Guyana on February 6, 2015, again formally indicated its acceptance of a second on-site visit for the Fifth Round Review scheduled for 2017.
“We are concerned and surprised that there has been no public announcement by the Government or the Guyana Expert sitting on the MESICIC, Aubrey Retemyer, Major (retired), Chief Executive Officer of the controversial, politically influenced State Assets Recovery Agency, about the on-site visit as is customary and required by the MESICIC,” the Opposition PPP/C stated.
“Of note is that this Round will focus on Article 111 (paragraph 3 and 12) as well as follow up on recommendations made in the Second Round and progressively reported on up to the Fourth Round. These recommendations continue to be significant and important to Guyana, more particularly, due to developments that have been emerging in Guyana over the last 27 months with the change of Government,” the Opposition pointed out.
It said these recommendations include:
***“SYSTEMS OF GOVERNMENT HIRING AND PROCUREMENT OF GOODS AND SERVICES (ARTICLE III (5) OF THE CONVENTION)
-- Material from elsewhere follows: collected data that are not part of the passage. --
lemma cos_sin_rest:
  assumes "cos x = cos_param t" "sin x = sin_param t" "cos y = cos_param u" "sin y = sin_param u"
    and "cos z = cos_param m" "sin z = sin_param m"
  shows "cos (pi - x - y - z) = cos_rest t u m" "sin (pi - x - y - z) = sin_rest t u m"
proof -
  define Dt Du Dm where "Dt = 1 + t^2" and "Du = 1 + u^2" and "Dm = 1 + m^2"
  have nz: "Dt \<noteq> 0" "Du \<noteq> 0" "Dm \<noteq> 0"
    unfolding Dt_def Du_def Dm_def using one_plus_square_pos by (metis less_irrefl)+
  have N: "prod_norm t u m = Dt * Du * Dm" unfolding prod_norm_def Dt_def Du_def Dm_def ..
  have e: "pi - x - y - z = pi - (x + y + z)" by simp
  note params = assms[unfolded cos_param_def sin_param_def, folded Dt_def Du_def Dm_def]
  have "cos (pi - x - y - z) = - (((1 - t^2) * (1 - u^2) - 2 * t * (2 * u)) * (1 - m^2)
      - (2 * t * (1 - u^2) + (1 - t^2) * (2 * u)) * (2 * m)) / (Dt * Du * Dm)"
    unfolding e cos_pi_minus cos_add sin_add params using nz by (simp add: field_simps)
  also have "\<dots> = cos_rest t u m"
    unfolding cos_rest_def N prod_re_def prod_im_def by (rule arg_cong[where f = "\<lambda>v. v / _"]) algebra
  finally show "cos (pi - x - y - z) = cos_rest t u m" .
  have "sin (pi - x - y - z) = ((2 * t * (1 - u^2) + (1 - t^2) * (2 * u)) * (1 - m^2)
      + ((1 - t^2) * (1 - u^2) - 2 * t * (2 * u)) * (2 * m)) / (Dt * Du * Dm)"
    unfolding e sin_pi_minus cos_add sin_add params using nz by (simp add: field_simps)
  also have "\<dots> = sin_rest t u m"
    unfolding sin_rest_def N prod_re_def prod_im_def by (rule arg_cong[where f = "\<lambda>v. v / _"]) algebra
  finally show "sin (pi - x - y - z) = sin_rest t u m" .
qed

lemma sin_rest_pos_iff_condA:
  assumes "m > 0" "u > 0" "t > 0" "m * u < 1"
  shows "0 < sin_rest t u m \<longleftrightarrow> condA m u t"
proof -
  have "t * (u * m) < t * 1" using assms by (intro mult_strict_left_mono) (auto simp: mult.commute)
  then have "t * u * m < t" by (simp add: mult.assoc)
  then have "prod_im t u m > 0" unfolding prod_im_def using assms by linarith
  then have "0 < sin_rest t u m \<longleftrightarrow> 0 < prod_re t u m"
    unfolding sin_rest_def using prod_norm_pos[of t u m]
    by (simp add: zero_less_divide_iff zero_less_mult_iff)
  also have "\<dots> \<longleftrightarrow> t * (m + u) < 1 - m * u" unfolding prod_re_def by (simp add: algebra_simps)
  also have "\<dots> \<longleftrightarrow> t < (1 - m * u) / (m + u)" using assms by (simp add: field_simps)
  finally show ?thesis unfolding condA_def using assms by simp
qed

lemma Qpoly_eq_param_gram:
  "(prod_norm t u m)^2 * ((cos_param t)^2 + (cos_param u)^2 + (cos_rest t u m)^2
     + 2 * cos_param t * cos_param u * cos_rest t u m - 1) = Qpoly m u t"
proof -
  define Dt Du Dm where "Dt = 1 + t^2" and "Du = 1 + u^2" and "Dm = 1 + m^2"
  have nz: "Dt \<noteq> 0" "Du \<noteq> 0" "Dm \<noteq> 0"
    unfolding Dt_def Du_def Dm_def using one_plus_square_pos by (metis less_irrefl)+
  define S where "S = (prod_re t u m)^2 - (prod_im t u m)^2"
  have "(prod_norm t u m)^2 * ((cos_param t)^2 + (cos_param u)^2 + (cos_rest t u m)^2
     + 2 * cos_param t * cos_param u * cos_rest t u m - 1)
    = ((1 - t^2) * Du * Dm)^2 + ((1 - u^2) * Dt * Dm)^2 + S^2
      - 2 * (1 - t^2) * (1 - u^2) * Dm * S - (Dt * Du * Dm)^2"
    unfolding cos_param_def cos_rest_def prod_norm_def S_def[symmetric]
      Dt_def[symmetric] Du_def[symmetric] Dm_def[symmetric]
    using nz by (simp add: field_simps power2_eq_square)
  also have "\<dots> = Qpoly m u t"
    unfolding Dt_def Du_def Dm_def S_def prod_re_def prod_im_def Qpoly_def by algebra
  finally show ?thesis .
qed

lemma arctan_sum_lt_pi_half:
  assumes "m > 0" "u > 0" "m * u < 1" "condA m u t"
  shows "arctan t + arctan u + arctan m < pi / 2"
proof -
  have t: "t > 0" and tl: "t < (1 - m * u) / (m + u)" using assms unfolding condA_def by auto
  have "arctan u < arctan (1 / m)"
    using assms by (simp add: arctan_less_iff field_simps mult.commute)
  also have "arctan (1 / m) = pi / 2 - arctan m"
    using arctan_inverse[of m] assms by (simp add: inverse_eq_divide)
  finally have mu: "0 < arctan m + arctan u" "arctan m + arctan u < pi / 2"
    using assms by (simp_all add: add_pos_pos)
  then have "cos (arctan m + arctan u) \<noteq> 0"
    using cos_gt_zero_pi[of "arctan m + arctan u"] by auto
  then have "tan (arctan m + arctan u) = (m + u) / (1 - m * u)"
    using tan_add[OF cos_arctan_not_zero cos_arctan_not_zero] by (simp add: tan_arctan)
  then have sum: "arctan ((m + u) / (1 - m * u)) = arctan m + arctan u"
    using arctan_tan[of "arctan m + arctan u"] mu by simp
  have pos: "(m + u) / (1 - m * u) > 0" using assms by simp
  have "arctan ((1 - m * u) / (m + u)) = arctan (1 / ((m + u) / (1 - m * u)))" by simp
  also have "\<dots> = pi / 2 - arctan ((m + u) / (1 - m * u))"
    using arctan_inverse[of "(m + u) / (1 - m * u)"] pos by simp
  finally have "arctan ((1 - m * u) / (m + u)) = pi / 2 - arctan m - arctan u" using sum by simp
  moreover have "arctan t < arctan ((1 - m * u) / (m + u))" using tl by (simp add: arctan_less_iff)
  ultimately show ?thesis by simp
qed

section \<open>Heron triangles with area parameter m and angle parameter u\<close>

lemma sinh_rat_of_exp_rat:
  assumes "exp (a::real) \<in> \<rat>" shows "sinh a \<in> \<rat>"
proof -
  have "sinh a = (exp a - inverse (exp a)) / 2" using sinh_field_def[of a] by (simp add: exp_minus)
  moreover have "(exp a - inverse (exp a)) / 2 \<in> \<rat>" using assms by simp
  ultimately show ?thesis by metis
qed

lemma heron_mu_trig:
  assumes "(a, b, c) \<in> heron_mu m u"
  defines "t \<equiv> tri_t a b c"
  shows "hyp_triangle a b c" and "t > 0"
    and "cos (halpha a b c) = cos_param t" "sin (halpha a b c) = sin_param t"
    and "cos (hbeta a b c) = cos_param u" "sin (hbeta a b c) = sin_param u"
    and "cos (hgamma a b c) = cos_rest t u m" "sin (hgamma a b c) = sin_rest t u m"
proof -
  have T: "hyp_triangle a b c" and m: "has_rat_param (harea a b c) m"
    and u: "has_rat_param (hbeta a b c) u"
    using assms unfolding heron_mu_def heron_def by auto
  show "hyp_triangle a b c" by (fact T)
  have "0 < halpha a b c" "halpha a b c < pi"
    unfolding halpha_def using hangle_trig[OF T] by auto
  from cos_sin_tan_half[OF this, folded tri_t_def]
  show x: "cos (halpha a b c) = cos_param t" "sin (halpha a b c) = sin_param t" "t > 0"
    unfolding t_def by auto
  show y: "cos (hbeta a b c) = cos_param u" "sin (hbeta a b c) = sin_param u"
    using u unfolding has_rat_param_def cos_param_def sin_param_def by auto
  have A: "cos (harea a b c) = cos_param m" "sin (harea a b c) = sin_param m"
    using m unfolding has_rat_param_def cos_param_def sin_param_def by auto
  have "hgamma a b c = pi - halpha a b c - hbeta a b c - harea a b c"
    unfolding harea_def by simp
  then show "cos (hgamma a b c) = cos_rest t u m" "sin (hgamma a b c) = sin_rest t u m"
    using cos_sin_rest[OF x(1,2) y A] by simp_all
qed

lemma heron_mu_tri_t:
  assumes "(a, b, c) \<in> heron_mu m u" "m > 0" "u > 0" "m * u < 1"
  shows "tri_t a b c \<in> \<rat>" and "condA m u (tri_t a b c)"
proof -
  note trig = heron_mu_trig[OF assms(1)]
  have "rat_angle (halpha a b c)" using assms(1) unfolding heron_mu_def heron_def by simp
  then show "tri_t a b c \<in> \<rat>"
    using param_eq_sin_div_one_plus_cos[of "tri_t a b c"] trig(3,4)
    unfolding rat_angle_def by (metis Rats_1 Rats_add Rats_divide)
  have "sin (hgamma a b c) > 0"
    unfolding hgamma_def using hangle_trig(4) trig(1) hyp_triangle_rotate by blast
  then show "condA m u (tri_t a b c)"
    using sin_rest_pos_iff_condA[OF assms(2,3) trig(2) assms(4)] trig(8) by simp
qed

lemma tri_w_eq:
  "tri_w m u a b c = prod_norm (tri_t a b c) u m * (sinh a * sin (hbeta a b c) * sin (hgamma a b c))"
  unfolding tri_w_def prod_norm_def by (simp add: algebra_simps)

lemma heron_mu_tri_w:
  assumes "(a, b, c) \<in> heron_mu m u" "m \<in> \<rat>" "u \<in> \<rat>" "m > 0" "u > 0" "m * u < 1"
  shows "tri_w m u a b c \<in> \<rat>" and "tri_w m u a b c > 0"
    and "Qpoly m u (tri_t a b c) = (tri_w m u a b c)^2"
proof -
  note trig = heron_mu_trig[OF assms(1)]
  have H: "heron a b c" using assms(1) unfolding heron_mu_def by simp
  then have "sinh a \<in> \<rat>" "sin (hbeta a b c) \<in> \<rat>" "sin (hgamma a b c) \<in> \<rat>"
    using sinh_rat_of_exp_rat unfolding heron_def rat_length_def rat_angle_def by auto
  moreover have "prod_norm (tri_t a b c) u m \<in> \<rat>"
    using heron_mu_tri_t(1)[OF assms(1,4-6)] assms(2,3) unfolding prod_norm_def by simp
  ultimately show "tri_w m u a b c \<in> \<rat>" unfolding tri_w_eq by simp
  have "a > 0" using trig(1) unfolding hyp_triangle_def by simp
  moreover have "sin (hbeta a b c) > 0" "sin (hgamma a b c) > 0"
    unfolding hbeta_def hgamma_def using hangle_trig(4) trig(1) hyp_triangle_rotate by blast+
  ultimately show "tri_w m u a b c > 0" unfolding tri_w_eq using prod_norm_pos by simp
  have "(tri_w m u a b c)^2
      = (prod_norm (tri_t a b c) u m)^2 * angle_gram (halpha a b c) (hbeta a b c) (hgamma a b c)"
    unfolding tri_w_eq power_mult_distrib[of "prod_norm _ _ _"] halpha_def hbeta_def hgamma_def
    using sinh_sin_sin_square_eq_angle_gram[OF trig(1)] by simp
  also have "\<dots> = Qpoly m u (tri_t a b c)"
    unfolding angle_gram_def trig(3,5,7) by (rule Qpoly_eq_param_gram)
  finally show "Qpoly m u (tri_t a b c) = (tri_w m u a b c)^2" by simp
qed

lemma inj_on_tri_t_heron_mu: "inj_on (\<lambda>(a, b, c). tri_t a b c) (heron_mu m u)"
proof (rule inj_onI)
  fix X Y assume "X \<in> heron_mu m u" "Y \<in> heron_mu m u"
    and "(\<lambda>(a, b, c). tri_t a b c) X = (\<lambda>(a, b, c). tri_t a b c) Y"
  moreover obtain a b c a' b' c' where X: "X = (a, b, c)" and Y: "Y = (a', b', c')"
    by (metis prod.exhaust)
  ultimately have H: "(a, b, c) \<in> heron_mu m u" and H': "(a', b', c') \<in> heron_mu m u"
    and t: "tri_t a b c = tri_t a' b' c'" by auto
  note trig = heron_mu_trig[OF H] and trig' = heron_mu_trig[OF H']
  have cosh: "cosh x = angle_cosh_side (halpha x y z) (hbeta x y z) (hgamma x y z)"
    "cosh y = angle_cosh_side (hbeta x y z) (hgamma x y z) (halpha x y z)"
    "cosh z = angle_cosh_side (hgamma x y z) (halpha x y z) (hbeta x y z)"
    if "hyp_triangle x y z" for x y z
    unfolding halpha_def hbeta_def hgamma_def
    using cosh_eq_angle_cosh_side that hyp_triangle_rotate by blast+
  have "cosh a = cosh a'" "cosh b = cosh b'" "cosh c = cosh c'"
    unfolding cosh[OF trig(1)] cosh[OF trig'(1)] angle_cosh_side_def
    using trig trig' t by simp_all
  moreover have "a > 0" "b > 0" "c > 0" "a' > 0" "b' > 0" "c' > 0"
    using trig(1) trig'(1) unfolding hyp_triangle_def by auto
  ultimately show "X = Y" unfolding X Y by simp
qed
1.1. Government hiring systems
– Establish, maintain and strengthen the systems of Government hiring of public servants, when applicable, that assure the openness, equity and efficiency of such systems…”****
The PPP/C Opposition said “the dismissal of 1972 Amerindian (Indigenous) Community Service Officers in July 2015, and over a thousand public servants based on ethno-political discrimination over the last 26 months violates the rights and provisions of the Guyana Constitution and the Public Service Rules. In contrast, 1000 persons have been hired into the public service on contract by 2016 February with little regard for the Public Service Rules, the majority are political operatives and over the retirement age. A further 1000 were added by mid-2017 under the same conditions. The recent establishment of the Bertram Collins College of the Public Service has become another institution to enforce Government control of the hiring and upward mobility of public servants.”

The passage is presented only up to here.